Pac-Man is based on the biblical narrative, its story the same one Jesus told in a different way. Pac-Man is existence, captured in the bleeps and blips of the electronic board. It is, in short, life as we hear it in the Judeo-Christian tradition  It is the most thoroughly theological of all the video games.




The younger of our brilliant, honors-division daughters returned from her university at Christmastime with a big, red, raw blister on the palm of her right band. In the solicitous manner of fathers, I demanded to know what had happened to her. She muttered something about some man.

“What?” I cried. “A man did this to you? A man has tortured my little child?”

She turned away in shame. “It wasn’t a man. It was Pac-Man,” she choked out. Then she turned to me with desperation in her voice. “You must help me. Whatever you do, give me no money. No matter how I beg and plead. Pay my bills at college directly. End my checking account. Warn your friends that I might hit them up.”

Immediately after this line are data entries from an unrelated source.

lemma time_change_one:
  assumes r: "r \<in> time_changes"
  shows "r 1 = 1"
proof -
  have "1 \<in> r ` {0..1}" using r unfolding time_changes_def by auto
  then obtain s where s: "s \<in> {0..1}" "r s = 1" by auto
  have "\<not> s < 1" using time_change_less[OF r, of s 1] time_change_range[OF r, of 1] s by auto
  then show ?thesis using s by auto
qed

lemma time_change_comp:
  assumes r1: "r1 \<in> time_changes" and r2: "r2 \<in> time_changes"
  shows "(\<lambda>t. r2 (r1 t)) \<in> time_changes"
proof -
  have "continuous_on {0..1} (\<lambda>t. r2 (r1 t))"
    using r1 r2 unfolding time_changes_def by (intro continuous_on_compose2[of "{0..1}" r2 "{0..1}" r1]) auto
  moreover have "strict_mono_on {0..1} (\<lambda>t. r2 (r1 t))"
    by (rule strict_mono_onI) (intro time_change_less[OF r2] time_change_less[OF r1] time_change_range[OF r1]; simp)
  moreover have "(\<lambda>t. r2 (r1 t)) ` {0..1} = {0..1}"
    using r1 r2 unfolding time_changes_def by (simp add: image_image[symmetric])
  ultimately show ?thesis unfolding time_changes_def by blast
qed

lemma time_change_inverse:
  assumes r: "r \<in> time_changes"
  obtains g where "g \<in> time_changes"
    "\<And>t. t \<in> {0..1} \<Longrightarrow> r (g t) = t" "\<And>t. t \<in> {0..1} \<Longrightarrow> g (r t) = t"
proof -
  define g where "g = the_inv_into {0..1} r"
  have inj: "inj_on r {0..1}" and onto: "r ` {0..1} = {0..1}"
    using r strict_mono_on_imp_inj_on unfolding time_changes_def by blast+
  have rg: "r (g t) = t" if "t \<in> {0..1}" for t
    using f_the_inv_into_f[OF inj] that onto unfolding g_def by auto
  have gr: "g (r t) = t" if "t \<in> {0..1}" for t
    using the_inv_into_f_f[OF inj] that unfolding g_def by auto
  have g_onto: "g ` {0..1} = {0..1}"
    using the_inv_into_onto[OF inj] onto unfolding g_def by simp
  have "continuous_on {0..1} g"
    using continuous_on_inv[of "{0..1}" r g] r gr onto unfolding time_changes_def by auto
  moreover have "strict_mono_on {0..1} g"
  proof (rule strict_mono_onI)
    fix a b :: real assume ab: "a \<in> {0..1}" "b \<in> {0..1}" "a < b"
    have "g a \<in> {0..1}" "g b \<in> {0..1}" using g_onto ab by auto
    moreover have "g a \<noteq> g b" using rg ab by (metis less_irrefl)
    moreover have "\<not> g b < g a"
      using time_change_less[OF r, of "g b" "g a"] rg[of a] rg[of b] ab \<open>g a \<in> {0..1}\<close> \<open>g b \<in> {0..1}\<close>
      by linarith
    ultimately show "g a < g b" by linarith
  qed
  ultimately have "g \<in> time_changes" using g_onto unfolding time_changes_def by blast
  then show ?thesis using that rg gr by blast
qed

definition skorohod_cost :: "(real \<Rightarrow> real) \<Rightarrow> (real \<Rightarrow> real) \<Rightarrow> (real \<Rightarrow> real) \<Rightarrow> real" where
  "skorohod_cost x y r = max (SUP t\<in>{0..1}. \<bar>r t - t\<bar>) (SUP t\<in>{0..1}. \<bar>x t - y (r t)\<bar>)"

lemma skorohod_dist_eq_Inf: "skorohod_dist x y = Inf (skorohod_cost x y ` time_changes)"
  unfolding skorohod_dist_def skorohod_cost_def by (simp add: Setcompr_eq_image)

lemma bdd_above_time_change_displacement:
  "r \<in> time_changes \<Longrightarrow> bdd_above ((\<lambda>t. \<bar>r t - t\<bar>) ` {0..1})"
  by (rule bdd_aboveI2[where M=2]) (use time_change_range in fastforce)

lemma skorohod_cost_nonneg:
  assumes "r \<in> time_changes"
  shows "0 \<le> skorohod_cost x y r"
proof -
  have "\<bar>r 0 - 0\<bar> \<le> (SUP t\<in>{0..1}. \<bar>r t - t\<bar>)"
    by (rule cSUP_upper[OF _ bdd_above_time_change_displacement[OF assms]]) auto
  then show ?thesis unfolding skorohod_cost_def by linarith
qed

lemma skorohod_dist_nonneg: "0 \<le> skorohod_dist x y"
  unfolding skorohod_dist_eq_Inf using id_time_change
  by (intro cInf_greatest) (auto intro: skorohod_cost_nonneg)

lemma skorohod_dist_le_cost: "r \<in> time_changes \<Longrightarrow> skorohod_dist x y \<le> skorohod_cost x y r"
  unfolding skorohod_dist_eq_Inf
  by (rule cInf_lower) (auto intro!: bdd_belowI2[where m=0] skorohod_cost_nonneg)

lemma skorohod_dist_less_imp_cost_less:
  "skorohod_dist x y < e \<Longrightarrow> \<exists>r\<in>time_changes. skorohod_cost x y r < e"
  unfolding skorohod_dist_eq_Inf using cInf_lessD[of "skorohod_cost x y ` time_changes" e] id_time_change
  by blast

lemma skorohod_cost_upper:
  assumes "\<And>t. t \<in> {0..1} \<Longrightarrow> \<bar>r t - t\<bar> \<le> e" "\<And>t. t \<in> {0..1} \<Longrightarrow> \<bar>x t - y (r t)\<bar> \<le> e"
  shows "skorohod_cost x y r \<le> e"
  unfolding skorohod_cost_def using assms by (intro max.boundedI cSUP_least) auto

lemma skorohod_cost_swap:
  assumes r: "r \<in> time_changes"
  obtains g where "g \<in> time_changes" "skorohod_cost y x g = skorohod_cost x y r"
proof -
  obtain g where g: "g \<in> time_changes"
    "\<And>t. t \<in> {0..1} \<Longrightarrow> r (g t) = t" "\<And>t. t \<in> {0..1} \<Longrightarrow> g (r t) = t"
    using time_change_inverse[OF r] by metis
  have reparam: "f ` {0..1} = (\<lambda>t. f (r t)) ` {0..1}" for f :: "real \<Rightarrow> real"
  proof -
    have "f ` {0..1} = f ` r ` {0..1}" using r unfolding time_changes_def by simp
    then show ?thesis by (simp only: image_image)
  qed
  have "(\<lambda>t. \<bar>g t - t\<bar>) ` {0..1} = (\<lambda>t. \<bar>g (r t) - r t\<bar>) ` {0..1}"
    using reparam[of "\<lambda>t. \<bar>g t - t\<bar>"] .
  also have "\<dots> = (\<lambda>t. \<bar>r t - t\<bar>) ` {0..1}"
    by (intro image_cong refl) (simp add: g(3) abs_minus_commute)
  finally have 1: "(\<lambda>t. \<bar>g t - t\<bar>) ` {0..1} = (\<lambda>t. \<bar>r t - t\<bar>) ` {0..1}" .
  have "(\<lambda>t. \<bar>y t - x (g t)\<bar>) ` {0..1} = (\<lambda>t. \<bar>y (r t) - x (g (r t))\<bar>) ` {0..1}"
    using reparam[of "\<lambda>t. \<bar>y t - x (g t)\<bar>"] .
  also have "\<dots> = (\<lambda>t. \<bar>x t - y (r t)\<bar>) ` {0..1}"
    by (intro image_cong refl) (simp add: g(3) abs_minus_commute)
  finally have 2: "(\<lambda>t. \<bar>y t - x (g t)\<bar>) ` {0..1} = (\<lambda>t. \<bar>x t - y (r t)\<bar>) ` {0..1}" .
  show ?thesis
    using that[OF g(1)] unfolding skorohod_cost_def 1 2 by blast
qed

“What are you talking about?” I screamed. So she poured out the terrible tale of her humiliation. It seems that on the Friday night before Christmas vacation she and several friends, sober students all, had gone to a video arcade. Our daughter has been to Europe, Disneyland, Gettysburg and the Riverfront Stadium. She speaks Russian. Nonetheless, she was ill prepared for the real world, the lights that dazzle and the sounds that beckon. She innocently slipped a quarter into the Pac-Man slot, curled her fingers around the controls, held the bright red ball of the joy stick firmly against her palm, and there she remained -- hour upon hour, quarter after quarter, desperately trying to keep her Pac-Man out of the voracious jaws of four different-colored and deceptively cute-looking monsters; trying to make him eat up the dots on the “table” and down the bunches of fruit which occasionally appeared; and sporadically trying to make him turn the monsters into frightened blue turn-tails by eating “energizing dots” -- all of this in an attempt to build up points for the owner of the increasingly blistered hand.

Before the night was over she had spent all the money she had with her, tried to cash checks, borrowed all the cash her friends had, begged money from strangers, and finally been dragged back to her room, screaming and sobbing, “Just one more quarter. One more. I’ve got it now. I’ve figured it out. I can beat ‘em this time.” Her friends closed their ears. They had all been through it. In fact, they returned to their dorm and formed the first campus chapter of PA (Pac-Man Anonymous)

I was shocked, chagrined, shamed and humiliated. Christmas cookies and peanut brittle lost their allure for a child of Joe Cool, the Ice Man, known to his colleagues as “Dr. Death” because of the level of his excitement at church committee meetings; she had sold her subzero birthright for a heated romp through a video maze.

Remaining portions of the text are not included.